Exercise brief:
Select all lines in the records that include "fixes".

Task input Block Start

(* Let $\Omega\subset\mathbb{R}^n$ be bounded and open, and let $\mathcal{A}_0$ be the class of (equivalence classes of) nets of semilinear operators described in the context. Let $A\in\mathcal{A}_0$ with representative $(A_\epsilon)$, and let $u\in\mathcal{G}(\overline{\Omega})$ be such that for every representative $(u_\epsilon)$ of $u$ there exist $\epsilon_0\in(0,1]$, $C>0$ and $m\in\mathbb{N}$ with $\inf_{x\in\overline{\Omega}}|u_\epsilon(x)|\ge C\epsilon^m$ for all $\epsilon\in(0,\epsilon_0)$. Then $(A_\epsilon u_\epsilon)\in\mathcal{E}_M(\overline{\Omega})$ and its class $[(A_\epsilon u_\epsilon)]\in\mathcal{G}(\overline{\Omega})$ does not depend on the choice of representative $(A_\epsilon)$ of $A$ nor on the choice of representative $(u_\epsilon)$ of $u$. Hence $Au:=[(A_\epsilon u_\epsilon)]$ is a well-defined differential operator from (such elements of) $\mathcal{G}(\overline{\Omega})$ to $\mathcal{G}(\overline{\Omega})$.
   Context: $\mathcal{E}_M(\overline{\Omega})$: nets $(u_\epsilon)_{\epsilon\in(0,1]}\subset C^\infty(\overline{\Omega})$ such that for every $k\in\mathbb{N}$ there is $a\in\mathbb{R}$ with $\sup_{|\beta|\le k,x\in\overline{\Omega}}|D^\beta u_\epsilon(x)|=O(\epsilon^a)$ as $\epsilon\to0$; $\mathcal{N}(\overline{\Omega})$: nets in $\mathcal{E}_M(\overline{\Omega})$ for which this holds for every $a\in\mathbb{R}$; $\mathcal{G}(\overline{\Omega})=\mathcal{E}_M(\overline{\Omega})/\mathcal{N}(\overline{\Omega})$ with componentwise sums, products and derivatives. Fix integers $n_1,\dots,n_K\in\mathbb{Z}$. $\mathcal{A}$ is the family of nets of operators $A_\epsilon u=-\sum_{i,j=1}^N D_i(a^{ij}_\epsilon D_ju)+\sum_{i=1}^K b^i_\epsilon u^{n_i}$ with $(a^{ij}_\epsilon),(b^i_\epsilon)\in\mathcal{E}_M(\overline{\Omega})$. Two such nets $(A_\epsilon),(\overline{A}_\epsilon)$ (with coefficients $a^{ij}_\epsilon,b^i_\epsilon$ and $\overline{a}^{ij}_\epsilon,\overline{b}^i_\epsilon$) are equivalent if $(a^{ij}_\epsilon-\overline{a}^{ij}_\epsilon)$ and $(b^i_\epsilon-\overline{b}^i_\epsilon)$ belong to $\mathcal{N}(\overline{\Omega})$ for all $i,j$; $\mathcal{A}_0$ is the set of equivalence classes. *)

theory Defs
  imports "HOL-Analysis.Analysis"
begin

text \<open>Partial derivative in direction i and iterated partial derivatives D^beta,
  where a multi-index is represented by the list of directions (|beta| = length).\<close>

definition partial :: "'n::finite \<Rightarrow> (real^'n \<Rightarrow> real) \<Rightarrow> real^'n \<Rightarrow> real" where
  "partial i f x = deriv (\<lambda>t. f (x + t *\<^sub>R axis i 1)) 0"

fun Dmulti :: "'n::finite list \<Rightarrow> (real^'n \<Rightarrow> real) \<Rightarrow> real^'n \<Rightarrow> real" where
  "Dmulti [] f = f"
| "Dmulti (i # is) f = partial i (Dmulti is f)"

text \<open>C^infinity(closure Omega) for bounded open Omega: smooth on Omega with every derivative
  uniformly continuous on Omega (equivalently, extending continuously to the closure).
  Values outside Omega are irrelevant.\<close>

definition smooth_closure :: "(real^'n::finite) set \<Rightarrow> (real^'n \<Rightarrow> real) \<Rightarrow> bool" where
  "smooth_closure \<Omega> f \<longleftrightarrow>
     (\<forall>\<beta>. \<forall>x\<in>\<Omega>. Dmulti \<beta> f differentiable (at x)) \<and>
     (\<forall>\<beta>. uniformly_continuous_on \<Omega> (Dmulti \<beta> f))"

text \<open>Nets (u_eps), eps in (0,1], are functions real => real^'n => real.\<close>

definition moderate :: "(real^'n::finite) set \<Rightarrow> (real \<Rightarrow> real^'n \<Rightarrow> real) \<Rightarrow> bool" where
  "moderate \<Omega> u \<longleftrightarrow>
     (\<exists>\<epsilon>0>0. \<forall>\<epsilon>\<in>{0<..<\<epsilon>0}. smooth_closure \<Omega> (u \<epsilon>)) \<and>
     (\<forall>k::nat. \<exists>a::real. \<exists>C \<epsilon>0. \<epsilon>0 > 0 \<and>
        (\<forall>\<epsilon>\<in>{0<..<\<epsilon>0}. \<forall>\<beta> x. length \<beta> \<le> k \<and> x \<in> \<Omega> \<longrightarrow>
            \<bar>Dmulti \<beta> (u \<epsilon>) x\<bar> \<le> C * \<epsilon> powr a))"
lemma mod_4_eq_1_if_fixed_square_root_of_minus_1:
  fixes c :: "'a :: field"
  assumes "c ^ 2 = -1" and "c + c \<noteq> 0" and "c ^ q = c"
  shows "q mod 4 = 1"
proof -
  have "c ^ 4 = (c ^ 2) ^ 2"
    by (simp flip: power_mult)
  then have "c ^ 4 = 1"
    using assms(1) by simp
  have "c ^ q = c ^ (4 * (q div 4) + q mod 4)"
    by simp
  also have "\<dots> = c ^ (q mod 4)"
    by (simp only: power_add power_mult \<open>c ^ 4 = 1\<close> power_one mult_1)
  finally have c_mod: "c ^ (q mod 4) = c"
    using assms(3) by simp
  have "c + c = c * (1 + 1)"
    by (simp add: distrib_left)
  then have "1 + 1 \<noteq> (0 :: 'a)"
    using assms(2) by auto
  then have "c \<noteq> 1"
    using assms(1) by auto
  have "q mod 4 < 4"
    by simp
  then consider "q mod 4 = 0" | "q mod 4 = 1" | "q mod 4 = 2" | "q mod 4 = 3"
    by linarith
  then show ?thesis
  proof cases
    case 1
    then show ?thesis
      using c_mod \<open>c \<noteq> 1\<close> by simp
  next
    case 3
    then have "c * c = c * 1"
      using c_mod by (simp add: power2_eq_square)
    moreover have "c \<noteq> 0"
      using assms(1) by auto
    ultimately show ?thesis
      using \<open>c \<noteq> 1\<close> by simp
  next
    case 4
    then have "c ^ 2 * c = c"
      using c_mod by (simp add: power2_eq_square power3_eq_cube)
    then show ?thesis
      using assms(1,2) by simp
  qed
qed

lemma poly_eq_of_degree_le_2:
  "degree p \<le> 2 \<Longrightarrow> p = [:coeff p 0, coeff p 1, coeff p 2:]"
  by (rule poly_eqI) (auto simp: coeff_pCons coeff_eq_0 numeral_2_eq_2 split: nat.split)

lemma degree_x_power_minus_1:
  assumes "n > 0"
  shows "degree (monom 1 n - 1 :: 'a :: field poly) = n"
proof (rule antisym)
  show "degree (monom 1 n - 1 :: 'a poly) \<le> n"
    by (rule degree_le) (use assms in auto)
  show "n \<le> degree (monom 1 n - 1 :: 'a poly)"
    by (rule le_degree) (use assms in auto)
qed

lemma x_power_4_minus_1: "(monom 1 4 - 1 :: 'a :: field poly) = [:-1, 0, 0, 0, 1:]"
  by (simp add: numeral_eq_Suc monom_Suc monom_0 one_pCons diff_pCons)

lemma degree_g_poly_le: "degree (g_poly q n \<alpha>) \<le> n - 1"
  unfolding g_poly_def by (intro degree_sum_le) (auto intro: order.trans[OF degree_monom_le])

lemma coeff_g_poly_leading:
  assumes "n > 0"
  shows "coeff (g_poly q n \<alpha>) (n - 1) = \<alpha>"
proof -
  have "coeff (g_poly q n \<alpha>) (n - 1) = (\<Sum>i<n. if i = 0 then \<alpha> ^ q ^ i else 0)"
    unfolding g_poly_def coeff_sum coeff_monom by (rule sum.cong) (use assms in auto)
  also have "\<dots> = \<alpha>"
    using assms by simp
  finally show ?thesis .
qed

lemma g_poly_3: "g_poly q 3 \<alpha> = [:\<alpha> ^ q ^ 2, \<alpha> ^ q, \<alpha>:]"
  by (simp add: g_poly_def numeral_3_eq_3 lessThan_Suc monom_Suc monom_0 eval_nat_numeral)

lemma g_poly_4: "g_poly q 4 \<alpha> = [:\<alpha> ^ q ^ 3, \<alpha> ^ q ^ 2, \<alpha> ^ q, \<alpha>:]"
  by (simp add: g_poly_def numeral_eq_Suc lessThan_Suc monom_Suc monom_0 eval_nat_numeral)

lemma k_normal_cofactors:
  fixes \<alpha> :: "'a :: field_gcd"
  assumes "k_normal q n d \<alpha>" and "n > 0" and "\<alpha> \<noteq> 0"
  obtains h k where "h dvd monom 1 n - 1" and "g_poly q n \<alpha> * h = k * (monom 1 n - 1)"
    and "degree h = n - d" and "degree k + d \<le> n - 1"
proof -
  define P G where "P = (monom 1 n - 1 :: 'a poly)" and "G = g_poly q n \<alpha>"
  obtain h where h: "P = gcd P G * h"
    by (meson gcd_dvd1 dvdE)
  obtain k where k: "G = gcd P G * k"
    by (meson gcd_dvd2 dvdE)
  have "degree P = n"
    unfolding P_def by (rule degree_x_power_minus_1[OF assms(2)])
  then have "P \<noteq> 0"
    using assms(2) by auto
  have "G \<noteq> 0"
    using coeff_g_poly_leading[OF assms(2), of q \<alpha>] assms(3) unfolding G_def by auto
  then have "gcd P G \<noteq> 0" and "h \<noteq> 0" and "k \<noteq> 0"
    using \<open>P \<noteq> 0\<close> h k by auto
  have "degree (gcd P G) = d"
    using assms(1) unfolding k_normal_def P_def G_def .
  then have "d + degree h = n"
    using h \<open>degree P = n\<close> \<open>gcd P G \<noteq> 0\<close> \<open>h \<noteq> 0\<close> by (metis degree_mult_eq)
  moreover have "d + degree k \<le> n - 1"
    using k degree_g_poly_le[of q n \<alpha>] \<open>degree (gcd P G) = d\<close> \<open>gcd P G \<noteq> 0\<close> \<open>k \<noteq> 0\<close>
    by (metis G_def degree_mult_eq)
  moreover have "G * h = k * P"
    by (subst k, subst h) (simp add: algebra_simps)
  moreover have "h dvd P"
    using h by (metis dvd_triv_right)
  ultimately show ?thesis
    by (intro that[of h k]) (auto simp: P_def G_def)
qed

text \<open>Reduction modulo \<open>x^n - 1\<close> adds coefficient \<open>i + n\<close> to coefficient \<open>i\<close>; for products of
  degree below \<open>2 n\<close> this reads \<open>g\<^sub>\<alpha> h \<equiv> 0 (mod x^n - 1)\<close> off coefficientwise.\<close>

lemma coeff_mult_x_power_minus_1_fold:
  fixes k :: "'a :: comm_ring_1 poly"
  assumes "degree k < n" and "i < n"
  shows "coeff (k * (monom 1 n - 1)) i + coeff (k * (monom 1 n - 1)) (i + n) = 0"
proof -
  have "coeff k (i + n) = 0"
    using assms(1) by (simp add: coeff_eq_0)
  then show ?thesis
    using assms(2) by (simp add: right_diff_distrib mult.commute[of k] coeff_monom_mult)
qed
theorem mainTheorem17:
  fixes M :: "'a::{finite,field} mat" and q s t_o :: nat
  assumes "card (UNIV :: 'a set) = q"
    and "linear_AONT 2 t_o s M"
    and "2 \<le> t_o"
  shows "s \<le> max (1 + (t_o - 2) * (q + 1)) (2 + (t_o - 1) * (q - 1))"
proof (cases "disjoint_family_on (zero_rows M) {..<s}")
  case False
  then obtain j\<^sub>1 j\<^sub>2 i where "j\<^sub>1 < s" "j\<^sub>2 < s" "j\<^sub>1 \<noteq> j\<^sub>2" "i \<in> zero_rows M j\<^sub>1" "i \<in> zero_rows M j\<^sub>2"
    unfolding disjoint_family_on_def by blast
  then have "s \<le> 1 + (t_o - 2) * (q + 1)"
    using linear_AONT_2_card_le_common_zero[OF assms(2)] assms(1) by blast
  then show ?thesis
    by simp
next
  case True
  have "s \<le> 2 + (t_o - 1) * (q - 1)"
  proof (cases "s \<le> 2")
    case False
    have "dim_row M = s"
      using assms(2) unfolding linear_AONT_def by auto
    then have "\<And>j. j < s \<Longrightarrow> zero_rows M j \<subseteq> {..<s}"
      unfolding zero_rows_def by auto
    with True obtain j\<^sub>1 j\<^sub>2 where "j\<^sub>1 < s" "j\<^sub>2 < s" "j\<^sub>1 \<noteq> j\<^sub>2"
      "card (zero_rows M j\<^sub>1) \<le> 1" "card (zero_rows M j\<^sub>2) \<le> 1"
      by (rule two_small_members_if_disjoint_family) (use False in auto)
    then show ?thesis
      using linear_AONT_2_card_le_sparse_cols[OF assms(2)] assms(1) by blast
  qed simp
  then show ?thesis
    by simp
qed

end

Task input Block End

Written answer:
  fixes c :: "'a :: field"
  fixes \<alpha> :: "'a :: field_gcd"
  fixes k :: "'a :: comm_ring_1 poly"
  fixes M :: "'a::{finite,field} mat" and q s t_o :: nat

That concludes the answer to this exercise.